Том Стоппард - Изобретение любви
Джексон. Нет, я прежде всего бегун. Четверть мили и полмили – мои лучшие дистанции.
Поллард. Вы, стало быть, спортом увлекаетесь?
Джексон. В Оксфорде, конечно, придется потрудиться, но – как сказал поэт – работа не волк…
Поллард (одновременно). Orandum est ut sit mens sana in corpore sano. [24]
Джексон…в лес не убежит.
Поллард. Не знал, что университетским людям дают стипендию на классику.
Джексон. Классика? Нет, это не про меня. У меня стипендия от естественников.
Поллард (счастливо).
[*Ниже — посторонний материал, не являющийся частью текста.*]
(* Let $G$ be a graph, $b\ge0$, $\beta:E(G)\to\{0,1,2,3\}$, $C$ a vertex cover of $G$, and let $\delta$ be a $b$-bend $\beta$-restricted RAC drawing of $G$. Let $T$ be a type whose vertices have exactly two neighbors in $C$, and let $T'\subseteq T$ consist of all members of $T$ which have no bends in $\delta$. Then $T'$ contains at most four members that are involved in crossings with other members of $T'$ in $\delta$.
   Context: All graphs are simple and undirected. A drawing of a graph $G=(V,E)$ maps vertices injectively to points of $\mathbb{R}^2$ and each edge $uv$ to a simple curve joining the images of $u$ and $v$, such that no vertex image lies in the relative interior of the image of an edge not incident to it. A polyline drawing is a drawing in which each edge is drawn as a union of closed straight-line segments $\lambda_1,\dots,\lambda_t$, where consecutive segments share exactly one endpoint and form an angle different from $180^\circ$, and non-consecutive segments are disjoint; the shared points are the bends of the edge. A crossing of two edges is a common point of the relative interiors of their drawings; drawings have finitely many crossings. Two edges have a right-angle crossing if the crossing lies in the relative interiors of the respective segments and these segments are orthogonal. Given $b\in\mathbb{N}$ and $\beta:E\to\{0,1,2,3\}$, a $b$-bend $\beta$-restricted RAC drawing of $G$ is a polyline drawing in which every crossing is a right-angle crossing, the total number of bends is at most $b$, and each edge $e$ has at most $\beta(e)$ bends. Types: $V(G)\setminus C$ is partitioned so that two vertices have the same type iff they have the same set of neighbors in $C$. A member of a type is a vertex of the type together with its incident edges; a member has no bends if none of its incident edges has a bend, and a member is involved in a crossing if one of its incident edges is. *)

theory Defs
  imports "HOL-Analysis.Analysis"
begin

type_synonym pt = "real \<times> real"

definition simple_graph :: "'v set \<Rightarrow> 'v set set \<Rightarrow> bool" where
  "simple_graph V E \<longleftrightarrow> finite V \<and> (\<forall>e\<in>E. e \<subseteq> V \<and> card e = 2)"

definition nbrs :: "'v set set \<Rightarrow> 'v \<Rightarrow> 'v set" where
  "nbrs E v = {u. {u, v} \<in> E}"

definition vertex_cover :: "'v set \<Rightarrow> 'v set set \<Rightarrow> 'v set \<Rightarrow> bool" where
  "vertex_cover V E C \<longleftrightarrow> C \<subseteq> V \<and> (\<forall>e\<in>E. e \<inter> C \<noteq> {})"

definition is_type :: "'v set \<Rightarrow> 'v set set \<Rightarrow> 'v set \<Rightarrow> 'v set \<Rightarrow> bool" where
  "is_type V E C T \<longleftrightarrow>
     (\<exists>v\<in>V - C. T = {w \<in> V - C. nbrs E w \<inter> C = nbrs E v \<inter> C})"

text \<open>A polyline is given by its list of points p0,...,pt (endpoints and bends in order).
  Segment i is [p_i, p_(i+1)].\<close>
definition seg :: "pt list \<Rightarrow> nat \<Rightarrow> pt set" where
  "seg ps i = closed_segment (ps ! i) (ps ! Suc i)"

definition polyline :: "pt list \<Rightarrow> bool" where
  "polyline ps \<longleftrightarrow> length ps \<ge> 2
     \<and> (\<forall>i. Suc i < length ps \<longrightarrow> ps ! i \<noteq> ps ! Suc i)
     \<and> (\<forall>i. i + 2 < length ps \<longrightarrow>
           seg ps i \<inter> seg ps (Suc i) = {ps ! Suc i}
         \<and> \<not> collinear {ps ! i, ps ! Suc i, ps ! (i + 2)})
     \<and> (\<forall>i j. Suc i < j \<longrightarrow> Suc j < length ps \<longrightarrow> seg ps i \<inter> seg ps j = {})"

definition curve :: "pt list \<Rightarrow> pt set" where
  "curve ps = (\<Union>i\<in>{i. Suc i < length ps}. seg ps i)"

definition edge_interior :: "pt list \<Rightarrow> pt set" where
  "edge_interior ps = curve ps - {hd ps, last ps}"

definition bends :: "pt list \<Rightarrow> nat" where
  "bends ps = length ps - 2"

definition polyline_drawing ::
  "'v set \<Rightarrow> 'v set set \<Rightarrow> ('v \<Rightarrow> pt) \<Rightarrow> ('v set \<Rightarrow> pt list) \<Rightarrow> bool" where
  "polyline_drawing V E pos pl \<longleftrightarrow>
     inj_on pos V
   \<and> (\<forall>e\<in>E. polyline (pl e) \<and> {hd (pl e), last (pl e)} = pos ` e)
   \<and> (\<forall>e\<in>E. \<forall>v\<in>V. v \<notin> e \<longrightarrow> pos v \<notin> edge_interior (pl e))
   \<and> finite {p. \<exists>e\<in>E. \<exists>f\<in>E. e \<noteq> f \<and> p \<in> edge_interior (pl e) \<inter> edge_interior (pl f)}"

definition crosses :: "('v set \<Rightarrow> pt list) \<Rightarrow> 'v set \<Rightarrow> 'v set \<Rightarrow> bool" where
  "crosses pl e f \<longleftrightarrow> e \<noteq> f \<and> edge_interior (pl e) \<inter> edge_interior (pl f) \<noteq> {}"

definition right_angle_at :: "pt list \<Rightarrow> pt list \<Rightarrow> pt \<Rightarrow> bool" where
  "right_angle_at ps qs p \<longleftrightarrow>
     (\<exists>i j. Suc i < length ps \<and> Suc j < length qs
        \<and> p \<in> open_segment (ps ! i) (ps ! Suc i)
        \<and> p \<in> open_segment (qs ! j) (qs ! Suc j)
        \<and> inner (ps ! Suc i - ps ! i) (qs ! Suc j - qs ! j) = 0)"

definition rac_drawing ::
  "'v set \<Rightarrow> 'v set set \<Rightarrow> nat \<Rightarrow> ('v set \<Rightarrow> nat) \<Rightarrow> ('v \<Rightarrow> pt) \<Rightarrow> ('v set \<Rightarrow> pt list) \<Rightarrow> bool" where
  "rac_drawing V E b \<beta> pos pl \<longleftrightarrow>
     polyline_drawing V E pos pl
   \<and> (\<forall>e\<in>E. \<forall>f\<in>E. e \<noteq> f \<longrightarrow>
        (\<forall>p \<in> edge_interior (pl e) \<inter> edge_interior (pl f). right_angle_at (pl e) (pl f) p))
   \<and> (\<Sum>e\<in>E. bends (pl e)) \<le> b
   \<and> (\<forall>e\<in>E. bends (pl e) \<le> \<beta> e)"

definition member_no_bends :: "'v set set \<Rightarrow> ('v set \<Rightarrow> pt list) \<Rightarrow> 'v \<Rightarrow> bool" where
  "member_no_bends E pl v \<longleftrightarrow> (\<forall>e\<in>E. v \<in> e \<longrightarrow> bends (pl e) = 0)"

end

theory Submission
  imports Defs
begin

text \<open>Let \<open>a\<close> and \<open>c\<close> be the two neighbours in \<open>C\<close> of the type, drawn at \<open>A\<close> and \<open>B\<close>. A member
  \<open>v\<close> without bends is drawn as the two segments \<open>vA\<close> and \<open>vB\<close>. Two segments ending in the
  same point cannot cross at a right angle (at a common interior point they leave their common
  endpoint in the same direction), so every crossing is between some \<open>vA\<close> and some \<open>wB\<close>, and
  orthogonality puts \<open>v\<close> and \<open>w\<close> strictly on the same side of the line \<open>AB\<close>. On one side, let
  \<open>a v\<close> and \<open>b v\<close> be the cotangents of the angles of \<open>v\<close> at \<open>A\<close> and at \<open>B\<close>. Then \<open>vA\<close> and \<open>wB\<close>
  cross iff \<open>a w < a v\<close> and \<open>b v < b w\<close>, and then \<open>a v * b w = 1\<close> since the two angles add up
  to a right angle. As \<open>a\<close> and \<open>b\<close> are injective and \<open>a v + b v > 0\<close>, there is at most one such
  inverted pair, so at most two members on each side are involved in crossings.\<close>

lemma in_open_segment_iff_ray:
  fixes P X :: "'a::real_vector"
  shows "z \<in> open_segment P X \<longleftrightarrow> P \<noteq> X \<and> (\<exists>s. 0 < s \<and> s < 1 \<and> z = X + s *\<^sub>R (P - X))"
  by (auto simp: open_segment_commute[of P X] in_segment algebra_simps)

lemma open_segments_meet_iff:
  fixes P Q X Y :: "'a::real_vector"
  shows "open_segment P X \<inter> open_segment Q Y \<noteq> {} \<longleftrightarrow> P \<noteq> X \<and> Q \<noteq> Y \<and>
    (\<exists>s t. 0 < s \<and> s < 1 \<and> 0 < t \<and> t < 1 \<and> X + s *\<^sub>R (P - X) = Y + t *\<^sub>R (Q - Y))"
proof
  assume "open_segment P X \<inter> open_segment Q Y \<noteq> {}"
  then obtain z where "z \<in> open_segment P X" "z \<in> open_segment Q Y"
    by blast
  then show "P \<noteq> X \<and> Q \<noteq> Y \<and>
    (\<exists>s t. 0 < s \<and> s < 1 \<and> 0 < t \<and> t < 1 \<and> X + s *\<^sub>R (P - X) = Y + t *\<^sub>R (Q - Y))"
    unfolding in_open_segment_iff_ray by blast
next
  assume "P \<noteq> X \<and> Q \<noteq> Y \<and>
    (\<exists>s t. 0 < s \<and> s < 1 \<and> 0 < t \<and> t < 1 \<and> X + s *\<^sub>R (P - X) = Y + t *\<^sub>R (Q - Y))"
  then obtain s t where "P \<noteq> X" "Q \<noteq> Y" "0 < s" "s < 1" "0 < t" "t < 1"
    and "X + s *\<^sub>R (P - X) = Y + t *\<^sub>R (Q - Y)"
    by blast
  moreover have "X + s *\<^sub>R (P - X) \<in> open_segment P X" "Y + t *\<^sub>R (Q - Y) \<in> open_segment Q Y"
    unfolding in_open_segment_iff_ray using \<open>P \<noteq> X\<close> \<open>Q \<noteq> Y\<close> \<open>0 < s\<close> \<open>s < 1\<close> \<open>0 < t\<close> \<open>t < 1\<close>
    by blast+
  ultimately show "open_segment P X \<inter> open_segment Q Y \<noteq> {}"
    by auto
qed

lemma inner_pos_if_open_segments_meet:
  fixes P Q X :: "'a::real_inner"
  assumes "z \<in> open_segment P X" "z \<in> open_segment Q X"
  shows "0 < inner (P - X) (Q - X)"
proof -
  obtain s t where "P \<noteq> X" "0 < s" "0 < t"
    and "z = X + s *\<^sub>R (P - X)" "z = X + t *\<^sub>R (Q - X)"
    using assms by (auto simp: in_open_segment_iff_ray)
  then have "t *\<^sub>R (Q - X) = s *\<^sub>R (P - X)"
    by (metis add_left_cancel)
  then have "t * inner (P - X) (Q - X) = s * inner (P - X) (P - X)"
    by (metis inner_scaleR_right)
  also have "\<dots> > 0"
    using \<open>P \<noteq> X\<close> \<open>0 < s\<close> by simp
  finally show ?thesis
    using \<open>0 < t\<close> by (simp add: zero_less_mult_iff)
qed

definition cross2 :: "pt \<Rightarrow> pt \<Rightarrow> real" where
  "cross2 U W = fst U * snd W - snd U * fst W"

lemma inner_self_mult_inner:
  "inner U U * inner V W = inner V U * inner W U + cross2 U V * cross2 U W"
  by (simp add: inner_prod_def cross2_def algebra_simps)

lemma eq_if_inner_cross2_eq:
  assumes "U \<noteq> 0" "inner Z U = inner W U" "cross2 U Z = cross2 U W"
  shows "Z = W"
proof -
  have "inner (Z - W) U = 0" "cross2 U (Z - W) = 0"
    using assms(2,3) by (simp_all add: inner_diff_left cross2_def algebra_simps)
  then have "inner U U * inner (Z - W) (Z - W) = 0"
    using inner_self_mult_inner[of U "Z - W" "Z - W"] by simp
  then show ?thesis
    using assms(1) by simp
qed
А… естественники! Прошу прощения! Очень приятно!
Джексон. Я – Джексон.
Поллард. Поллард. Мои поздравления. Это все объясняет.
Джексон. Что?
Поллард. Не знаю. Да, trochusесть в Овидии или где-то в Горации, в «Сатирах».
Подходит Хаусмен.
Хаусмен. В «Одах». Извините. «Оды», книга третья, 24, ludere doctior seu Graeco iubeas tro-cho [25] – это там, где он говорит, что все пошло коту под хвост.
Поллард. Верно! Высокородный юноша не может удержаться в седле и страшится охотиться, ему бы все играть с греческим обручем.
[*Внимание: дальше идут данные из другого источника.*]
lemma fx_lipschitz:
  assumes S: "penalty_setting g DD \<kappa> gb" and D: "D \<in> DD" "D' \<in> DD"
  shows "\<bar>fx g x D - fx g x D'\<bar> \<le> lipschitz_modulus gb x * norm12 (D - D')"
proof -
  have "competitive_codes_bounded g x (D' + t *\<^sub>R (D - D')) (gb ((norm x)\<^sup>2 / 2))"
    if t: "t \<in> {0..1}" for t
    using S unfolding penalty_setting_def
  proof
    assume "assmA g \<and> gb = gbarA g"
    then show ?thesis using competitive_codes_bounded_gbarA by blast
  next
    assume B: "assmB g DD \<kappa> \<and> gb = gbarB \<kappa>"
    then have "convex DD" unfolding assmB_def by (elim conjE exE)
    then have "(1 - t) *\<^sub>R D' + t *\<^sub>R D \<in> DD"
      using D t by (intro convexD) auto
    moreover have "(1 - t) *\<^sub>R D' + t *\<^sub>R D = D' + t *\<^sub>R (D - D')"
      by (simp add: algebra_simps)
    ultimately show ?thesis using competitive_codes_bounded_gbarB B by metis
  qed
  from fx_segment_lipschitz[OF penalty_setting_g[OF S] this]
  show ?thesis by (simp add: lipschitz_modulus_def)
qed

lemma lipschitz_modulus_nonneg:
  assumes S: "penalty_setting g DD \<kappa> gb"
  shows "0 \<le> lipschitz_modulus gb x"
proof -
  have "0 \<le> gb ((norm x)\<^sup>2 / 2)"
    using S unfolding penalty_setting_def
  proof
    assume "assmA g \<and> gb = gbarA g"
    then show ?thesis by (auto intro: gbarA_nonneg)
  next
    assume "assmB g DD \<kappa> \<and> gb = gbarB \<kappa>"
    then show ?thesis unfolding assmB_def gbarB_def by auto
  qed
  then show ?thesis unfolding lipschitz_modulus_def by simp
qed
Хаусмен. В общем-то, «trochos» – греческое слово. Это на греческом и есть «обруч», так что когда Гораций говорит «Graecus trochus» – это все равно что сказать «французская chapeau [26]». Тут он, пожалуй, хватил.
Джексон. Почему? Как?
Хаусмен. Когда римлянин называл что-то «греческим», очень часто он подразумевал изнеженность, даже женоподобие. Вообще обруч, trochos, был излюбленным подарком греческого мужчины мальчику, с которым… ну, вы понимаете, избранному мальчику.
Джексон. Вы имеете в виду – сожителю?
Поллард. Кстати, это мистер Джексон.
Хаусмен. Очень приятно.
Джексон. Я, знаете, тоже новичок. Вы не видели здесь доску, где записываются? Я собираюсь попасть в Торпидс [27] в следующем семестре. Увидимся на речке.
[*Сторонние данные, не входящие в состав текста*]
lemma trace_dominators_executedD:
  "trace_dominators_executed P tr \<Longrightarrow> k < length tr \<Longrightarrow> x \<noteq> tr ! k \<Longrightarrow>
   dominates_from P (owner P (tr ! k)) x (tr ! k) \<Longrightarrow>
   \<exists>q < k. tr ! q = x \<and> only_own_or_higher_between P (owner P (tr ! k)) tr q k"
  unfolding trace_dominators_executed_def by blast

lemma trace_post_dominators_executedD:
  "trace_post_dominators_executed P tr \<Longrightarrow> m < k \<Longrightarrow> k < length tr \<Longrightarrow>
   owner P (tr ! k) \<noteq> owner P (tr ! m) \<Longrightarrow> prio P (owner P (tr ! k)) \<le> prio P (owner P (tr ! m)) \<Longrightarrow>
   post_dominates P z (tr ! m) \<Longrightarrow> \<exists>q. m < q \<and> q < k \<and> tr ! q = z"
  unfolding trace_post_dominators_executed_def by blast

lemma wf_stack_Cons:
  "wf_stack P ((h, n) # stk) \<longleftrightarrow>
     owner P n = h \<and> (\<forall>(h0, n0) \<in> set stk. prio P h0 < prio P h) \<and> wf_stack P stk"
  unfolding wf_stack_def by auto

lemma wf_stack_owner: "wf_stack P ((h, n) # rest) \<Longrightarrow> owner P n = h"
  unfolding wf_stack_def by auto

lemma wf_stack_below_top: "wf_stack P ((h, n) # rest) \<Longrightarrow> (h0, n0) \<in> set rest \<Longrightarrow> prio P h0 < prio P h"
  unfolding wf_stack_def by auto

section \<open>Preservation of the invariant\<close>

lemma trace_dominators_executed_snoc:
  assumes "wf_stack P ((h, n) # rest)" and "stack_dominators_executed P ((h, n) # rest) tr"
    and "trace_dominators_executed P tr"
  shows "trace_dominators_executed P (tr @ [n])"
  unfolding trace_dominators_executed_def
proof (intro allI impI)
  fix k x assume k: "k < length (tr @ [n])" and x: "x \<noteq> (tr @ [n]) ! k"
    and dom: "dominates_from P (owner P ((tr @ [n]) ! k)) x ((tr @ [n]) ! k)"
  show "\<exists>q < k. (tr @ [n]) ! q = x \<and>
          only_own_or_higher_between P (owner P ((tr @ [n]) ! k)) (tr @ [n]) q k"
  proof (cases "k < length tr")
    case True
    then have at_k: "(tr @ [n]) ! k = tr ! k" by (rule nth_append_left)
    from x dom have "x \<noteq> tr ! k" "dominates_from P (owner P (tr ! k)) x (tr ! k)"
      unfolding at_k by simp_all
    then obtain q where "q < k" "tr ! q = x" "only_own_or_higher_between P (owner P (tr ! k)) tr q k"
      using trace_dominators_executedD[OF assms(3) True] by blast
    moreover from \<open>q < k\<close> True have "(tr @ [n]) ! q = tr ! q" by (simp add: nth_append)
    moreover from True have "only_own_or_higher_between P (owner P (tr ! k)) (tr @ [n]) q k
        = only_own_or_higher_between P (owner P (tr ! k)) tr q k"
      by (simp add: only_own_or_higher_between_append)
    ultimately show ?thesis unfolding at_k by blast
  next
    case False
    with k have k_eq: "k = length tr" by simp
    then have at_k: "(tr @ [n]) ! k = n" by simp
    have "owner P n = h" using assms(1) by (rule wf_stack_owner)
    with x dom have "x \<noteq> n" "dominates_from P h x n" unfolding at_k by simp_all
    then obtain q where "q < k" "tr ! q = x" "only_own_or_higher_between P h tr q k"
      using stack_dominators_executedD[OF assms(2)] k_eq by fastforce
    moreover from \<open>q < k\<close> k_eq have "(tr @ [n]) ! q = tr ! q" by (simp add: nth_append)
    moreover from k_eq have "only_own_or_higher_between P h (tr @ [n]) q k
        = only_own_or_higher_between P h tr q k"
      by (simp add: only_own_or_higher_between_append)
    ultimately show ?thesis unfolding at_k \<open>owner P n = h\<close> by blast
  qed
qed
Поллард (перебивая). На обеде.
Джексон удаляется.
Естественник.
Хаусмен. А на вид вполне приличный.
Поллард. Я – Поллард.
Хаусмен. Хаусмен. Мы с вами будем жить на одной площадке.
Поллард. О, чудно. Где вы заканчивали?
Хаусмен. Бромсгроувская школа. Это… гм… в Бромсгроуве. Такой город в Вустершире.
Поллард. Я учился в Королевском колледже, это в Лондоне.
Хаусмен. Лондон… знаю, бывал. Ходил в Альберт-Холл [28] и в Британский музей. Но лучше всего – смена караула. Кстати, вы правы насчет Овидия. Trochus есть в Ars. Am. [29]
Оксфордский сад, река, садовая скамейка. Вкатывается невидимый крокетный шар, за ним следует Паттисон [30] с крокетным молотком.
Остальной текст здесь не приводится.